» Task to complete: Give the listing again, word for word.

» Given information:
▬▬▬
(* Let $\tau\colon k[y]\otimes k[x]\to k[x]\otimes k[y]$ be the twisting map \[\tau(y^m\otimes x^n)=\sum_{i=0}^n\binom{n}{i}\frac{(m+n-i-1)!}{(m-1)!}\,x^i\otimes y^{m+n-i},\] so that $k[x]\otimes_\tau k[y]$ is the Jordan plane $J=k\langle x,y\mid yx-xy=y^2\rangle$. Then $\tau$ is continuous as a map $k[y]\otimes^!k[x]\to k[x]\otimes^!k[y]$ (for the cofinite topologies on $k[x]$ and $k[y]$) if and only if $k$ has positive characteristic.
   Context: $k$ is a field with the discrete topology; the integer $\frac{(m+n-i-1)!}{(m-1)!}$ is interpreted in $k$ (with $y^0\otimes x^n\mapsto x^n\otimes 1$, i.e. $\tau$ restricts to the swap on $1\otimes k[x]$). For an algebra $R$, the cofinite topology is the linear topology whose open subspaces are those containing a two-sided ideal of finite codimension. For linearly topologized spaces $E,F$, $E\otimes^!F$ is $E\otimes F$ with the linear topology whose open subspaces contain $E_0\otimes F+E\otimes F_0$ for some open subspaces $E_0\subseteq E$, $F_0\subseteq F$. $k[x]\otimes_\tau k[y]$ is $k[x]\otimes k[y]$ with multiplication $(m\otimes m)\circ(\mathrm{id}\otimes\tau\otimes\mathrm{id})$. *)

theory Defs
  imports "HOL-Analysis.Abstract_Topology" "HOL-Computational_Algebra.Polynomial"
begin

definition ksub :: "('a \<Rightarrow> 'v \<Rightarrow> 'v) \<Rightarrow> 'v::ab_group_add set \<Rightarrow> bool" where
  "ksub sc S \<longleftrightarrow> 0 \<in> S \<and> (\<forall>u\<in>S. \<forall>v\<in>S. u + v \<in> S) \<and> (\<forall>c u. u \<in> S \<longrightarrow> sc c u \<in> S)"

definition kspan :: "('a \<Rightarrow> 'v \<Rightarrow> 'v) \<Rightarrow> 'v::ab_group_add set \<Rightarrow> 'v set" where
  "kspan sc S = \<Inter>{T. ksub sc T \<and> S \<subseteq> T}"

definition two_sided_ideal :: "'r::ring set \<Rightarrow> bool" where
  "two_sided_ideal I \<longleftrightarrow> 0 \<in> I \<and> (\<forall>a\<in>I. \<forall>b\<in>I. a + b \<in> I) \<and> (\<forall>a\<in>I. - a \<in> I)
     \<and> (\<forall>a\<in>I. \<forall>r. r * a \<in> I \<and> a * r \<in> I)"

definition fin_codim :: "('a \<Rightarrow> 'v \<Rightarrow> 'v) \<Rightarrow> 'v::ab_group_add set \<Rightarrow> bool" where
  "fin_codim sc W \<longleftrightarrow> (\<exists>B. finite B \<and> kspan sc (B \<union> W) = UNIV)"

definition cofinite_open :: "'a::field poly set \<Rightarrow> bool" where
  "cofinite_open U \<longleftrightarrow> ksub smult U \<and>
     (\<exists>I. two_sided_ideal I \<and> fin_codim smult I \<and> I \<subseteq> U)"

text \<open>The tensor product k[s] \<otimes> k[t] is represented by 'a poly poly: the outer
  variable is the first tensor factor, the coefficients (polynomials) the second factor;
  so s^i \<otimes> t^j corresponds to monom (monom 1 j) i.\<close>
definition tsc :: "'a::field \<Rightarrow> 'a poly poly \<Rightarrow> 'a poly poly" where
  "tsc c t = smult [:c:] t"

definition tens :: "'a::field poly \<Rightarrow> 'a poly \<Rightarrow> 'a poly poly" where
  "tens p q = map_poly (\<lambda>c. smult c q) p"

text \<open>Open subspaces of E \<otimes>^! F, given the open subspaces OE of E and OF of F.\<close>
definition bang_open :: "('a::field poly set \<Rightarrow> bool) \<Rightarrow> ('a poly set \<Rightarrow> bool) \<Rightarrow> 'a poly poly set \<Rightarrow> bool" where
  "bang_open OE OF U \<longleftrightarrow> ksub tsc U \<and>
     (\<exists>E0 F0. OE E0 \<and> OF F0 \<and>
        kspan tsc ((\<lambda>(e, f). tens e f) ` (E0 \<times> UNIV \<union> UNIV \<times> F0)) \<subseteq> U)"

definition linear_topology :: "('v::ab_group_add set \<Rightarrow> bool) \<Rightarrow> 'v topology" where
  "linear_topology OP = topology (\<lambda>S. \<forall>v\<in>S. \<exists>U. OP U \<and> (\<lambda>u. v + u) ` U \<subseteq> S)"

definition tau_coeff :: "nat \<Rightarrow> nat \<Rightarrow> nat \<Rightarrow> 'a::field" where
  "tau_coeff m n i = (if m = 0 then (if i = n then 1 else 0)
      else of_nat (n choose i) * of_nat (fact (m + n - i - 1) div fact (m - 1) :: nat))"

definition tau_basis :: "nat \<Rightarrow> nat \<Rightarrow> 'a::field poly poly" where
  "tau_basis m n = (\<Sum>i\<le>n. monom (monom (tau_coeff m n i) (m + n - i)) i)"

definition tau :: "'a::field poly poly \<Rightarrow> 'a poly poly" where
  "tau t = (\<Sum>m\<le>degree t. \<Sum>n\<le>degree (coeff t m).
              smult [:coeff (coeff t m) n:] (tau_basis m n))"

end

theory Submission
  imports Defs
begin

(* Let D = y\<^sup>2 d/dy on k[y] and let H\<^sub>k be the k-th Hasse derivative on k[x], sending x^n to
  (n choose k) x^(n-k). As D^k y^m = m (m+1) ... (m+k-1) y^(m+k), the twisting map is
  \<tau>(b \<otimes> a) = \<Sum>\<^sub>k H\<^sub>k a \<otimes> D^k b. The open subspaces of k[s] \<otimes>\<^sup>! k[t] are the subspaces containing
  some f k[s] \<otimes> k[t] + k[s] \<otimes> g k[t] with f, g \<noteq> 0, and \<tau> is linear; so \<tau> is continuous iff for
  all f, g \<noteq> 0 there are F, G \<noteq> 0 with
  \<tau>(F k[y] \<otimes> k[x] + k[y] \<otimes> G k[x]) \<subseteq> f k[x] \<otimes> k[y] + k[x] \<otimes> g k[y].

  In characteristic p > 0 take F = g^p and G = f^p: D commutes with multiplication by p-th powers
  and D^p = 0 (a product of p consecutive integers vanishes mod p), while for k < p the Hasse
  derivative H\<^sub>k = (d/dx)^k / k! also commutes with multiplication by p-th powers.

  In characteristic 0 the x^0-component of \<tau>(F \<otimes> x^n) is D^n F. If it vanished at y = 1 for all n,
  then (y - 1)^k would divide F for every k, because D lowers the order of vanishing at 1 by exactly
  one. Hence no F \<noteq> 0 is mapped into the open subspace x k[x] \<otimes> k[y] + k[x] \<otimes> (y - 1) k[y]. *)

lemma ksub_kspan: "ksub sc (kspan sc S)"
  unfolding ksub_def kspan_def by auto

lemma kspan_superset: "S \<subseteq> kspan sc S"
  unfolding kspan_def by auto

lemma kspan_least: "ksub sc T \<Longrightarrow> S \<subseteq> T \<Longrightarrow> kspan sc S \<subseteq> T"
  unfolding kspan_def by auto

lemma kspan_subset_iff: "ksub sc T \<Longrightarrow> kspan sc S \<subseteq> T \<longleftrightarrow> S \<subseteq> T"
  using kspan_least kspan_superset by blast

lemma ksub_zero: "ksub sc T \<Longrightarrow> 0 \<in> T"
  unfolding ksub_def by blast

lemma ksub_add: "ksub sc T \<Longrightarrow> u \<in> T \<Longrightarrow> v \<in> T \<Longrightarrow> u + v \<in> T"
  unfolding ksub_def by blast

lemma ksub_scale: "ksub sc T \<Longrightarrow> u \<in> T \<Longrightarrow> sc c u \<in> T"
  unfolding ksub_def by blast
▬▬▬
» Task result:
(* Let $\tau\colon k[y]\otimes k[x]\to k[x]\otimes k[y]$ be the twisting map \[\tau(y^m\otimes x^n)=\sum_{i=0}^n\binom{n}{i}\frac{(m+n-i-1)!}{(m-1)!}\,x^i\otimes y^{m+n-i},\] so that $k[x]\otimes_\tau k[y]$ is the Jordan plane $J=k\langle x,y\mid yx-xy=y^2\rangle$. Then $\tau$ is continuous as a map $k[y]\otimes^!k[x]\to k[x]\otimes^!k[y]$ (for the cofinite topologies on $k[x]$ and $k[y]$) if and only if $k$ has positive characteristic.
   Context: $k$ is a field with the discrete topology; the integer $\frac{(m+n-i-1)!}{(m-1)!}$ is interpreted in $k$ (with $y^0\otimes x^n\mapsto x^n\otimes 1$, i.e. $\tau$ restricts to the swap on $1\otimes k[x]$). For an algebra $R$, the cofinite topology is the linear topology whose open subspaces are those containing a two-sided ideal of finite codimension. For linearly topologized spaces $E,F$, $E\otimes^!F$ is $E\otimes F$ with the linear topology whose open subspaces contain $E_0\otimes F+E\otimes F_0$ for some open subspaces $E_0\subseteq E$, $F_0\subseteq F$. $k[x]\otimes_\tau k[y]$ is $k[x]\otimes k[y]$ with multiplication $(m\otimes m)\circ(\mathrm{id}\otimes\tau\otimes\mathrm{id})$. *)

theory Defs
  imports "HOL-Analysis.Abstract_Topology" "HOL-Computational_Algebra.Polynomial"
begin

definition ksub :: "('a \<Rightarrow> 'v \<Rightarrow> 'v) \<Rightarrow> 'v::ab_group_add set \<Rightarrow> bool" where
  "ksub sc S \<longleftrightarrow> 0 \<in> S \<and> (\<forall>u\<in>S. \<forall>v\<in>S. u + v \<in> S) \<and> (\<forall>c u. u \<in> S \<longrightarrow> sc c u \<in> S)"

definition kspan :: "('a \<Rightarrow> 'v \<Rightarrow> 'v) \<Rightarrow> 'v::ab_group_add set \<Rightarrow> 'v set" where
  "kspan sc S = \<Inter>{T. ksub sc T \<and> S \<subseteq> T}"

definition two_sided_ideal :: "'r::ring set \<Rightarrow> bool" where
  "two_sided_ideal I \<longleftrightarrow> 0 \<in> I \<and> (\<forall>a\<in>I. \<forall>b\<in>I. a + b \<in> I) \<and> (\<forall>a\<in>I. - a \<in> I)
     \<and> (\<forall>a\<in>I. \<forall>r. r * a \<in> I \<and> a * r \<in> I)"

definition fin_codim :: "('a \<Rightarrow> 'v \<Rightarrow> 'v) \<Rightarrow> 'v::ab_group_add set \<Rightarrow> bool" where
  "fin_codim sc W \<longleftrightarrow> (\<exists>B. finite B \<and> kspan sc (B \<union> W) = UNIV)"

definition cofinite_open :: "'a::field poly set \<Rightarrow> bool" where
  "cofinite_open U \<longleftrightarrow> ksub smult U \<and>
     (\<exists>I. two_sided_ideal I \<and> fin_codim smult I \<and> I \<subseteq> U)"

text \<open>The tensor product k[s] \<otimes> k[t] is represented by 'a poly poly: the outer
  variable is the first tensor factor, the coefficients (polynomials) the second factor;
  so s^i \<otimes> t^j corresponds to monom (monom 1 j) i.\<close>
definition tsc :: "'a::field \<Rightarrow> 'a poly poly \<Rightarrow> 'a poly poly" where
  "tsc c t = smult [:c:] t"

definition tens :: "'a::field poly \<Rightarrow> 'a poly \<Rightarrow> 'a poly poly" where
  "tens p q = map_poly (\<lambda>c. smult c q) p"

text \<open>Open subspaces of E \<otimes>^! F, given the open subspaces OE of E and OF of F.\<close>
definition bang_open :: "('a::field poly set \<Rightarrow> bool) \<Rightarrow> ('a poly set \<Rightarrow> bool) \<Rightarrow> 'a poly poly set \<Rightarrow> bool" where
  "bang_open OE OF U \<longleftrightarrow> ksub tsc U \<and>
     (\<exists>E0 F0. OE E0 \<and> OF F0 \<and>
        kspan tsc ((\<lambda>(e, f). tens e f) ` (E0 \<times> UNIV \<union> UNIV \<times> F0)) \<subseteq> U)"

definition linear_topology :: "('v::ab_group_add set \<Rightarrow> bool) \<Rightarrow> 'v topology" where
  "linear_topology OP = topology (\<lambda>S. \<forall>v\<in>S. \<exists>U. OP U \<and> (\<lambda>u. v + u) ` U \<subseteq> S)"

definition tau_coeff :: "nat \<Rightarrow> nat \<Rightarrow> nat \<Rightarrow> 'a::field" where
  "tau_coeff m n i = (if m = 0 then (if i = n then 1 else 0)
      else of_nat (n choose i) * of_nat (fact (m + n - i - 1) div fact (m - 1) :: nat))"

definition tau_basis :: "nat \<Rightarrow> nat \<Rightarrow> 'a::field poly poly" where
  "tau_basis m n = (\<Sum>i\<le>n. monom (monom (tau_coeff m n i) (m + n - i)) i)"

definition tau :: "'a::field poly poly \<Rightarrow> 'a poly poly" where
  "tau t = (\<Sum>m\<le>degree t. \<Sum>n\<le>degree (coeff t m).
              smult [:coeff (coeff t m) n:] (tau_basis m n))"

end

theory Submission
  imports Defs
begin

(* Let D = y\<^sup>2 d/dy on k[y] and let H\<^sub>k be the k-th Hasse derivative on k[x], sending x^n to
  (n choose k) x^(n-k). As D^k y^m = m (m+1) ... (m+k-1) y^(m+k), the twisting map is
  \<tau>(b \<otimes> a) = \<Sum>\<^sub>k H\<^sub>k a \<otimes> D^k b. The open subspaces of k[s] \<otimes>\<^sup>! k[t] are the subspaces containing
  some f k[s] \<otimes> k[t] + k[s] \<otimes> g k[t] with f, g \<noteq> 0, and \<tau> is linear; so \<tau> is continuous iff for
  all f, g \<noteq> 0 there are F, G \<noteq> 0 with
  \<tau>(F k[y] \<otimes> k[x] + k[y] \<otimes> G k[x]) \<subseteq> f k[x] \<otimes> k[y] + k[x] \<otimes> g k[y].

  In characteristic p > 0 take F = g^p and G = f^p: D commutes with multiplication by p-th powers
  and D^p = 0 (a product of p consecutive integers vanishes mod p), while for k < p the Hasse
  derivative H\<^sub>k = (d/dx)^k / k! also commutes with multiplication by p-th powers.

  In characteristic 0 the x^0-component of \<tau>(F \<otimes> x^n) is D^n F. If it vanished at y = 1 for all n,
  then (y - 1)^k would divide F for every k, because D lowers the order of vanishing at 1 by exactly
  one. Hence no F \<noteq> 0 is mapped into the open subspace x k[x] \<otimes> k[y] + k[x] \<otimes> (y - 1) k[y]. *)

lemma ksub_kspan: "ksub sc (kspan sc S)"
  unfolding ksub_def kspan_def by auto

lemma kspan_superset: "S \<subseteq> kspan sc S"
  unfolding kspan_def by auto

lemma kspan_least: "ksub sc T \<Longrightarrow> S \<subseteq> T \<Longrightarrow> kspan sc S \<subseteq> T"
  unfolding kspan_def by auto

lemma kspan_subset_iff: "ksub sc T \<Longrightarrow> kspan sc S \<subseteq> T \<longleftrightarrow> S \<subseteq> T"
  using kspan_least kspan_superset by blast

lemma ksub_zero: "ksub sc T \<Longrightarrow> 0 \<in> T"
  unfolding ksub_def by blast

lemma ksub_add: "ksub sc T \<Longrightarrow> u \<in> T \<Longrightarrow> v \<in> T \<Longrightarrow> u + v \<in> T"
  unfolding ksub_def by blast

lemma ksub_scale: "ksub sc T \<Longrightarrow> u \<in> T \<Longrightarrow> sc c u \<in> T"
  unfolding ksub_def by blast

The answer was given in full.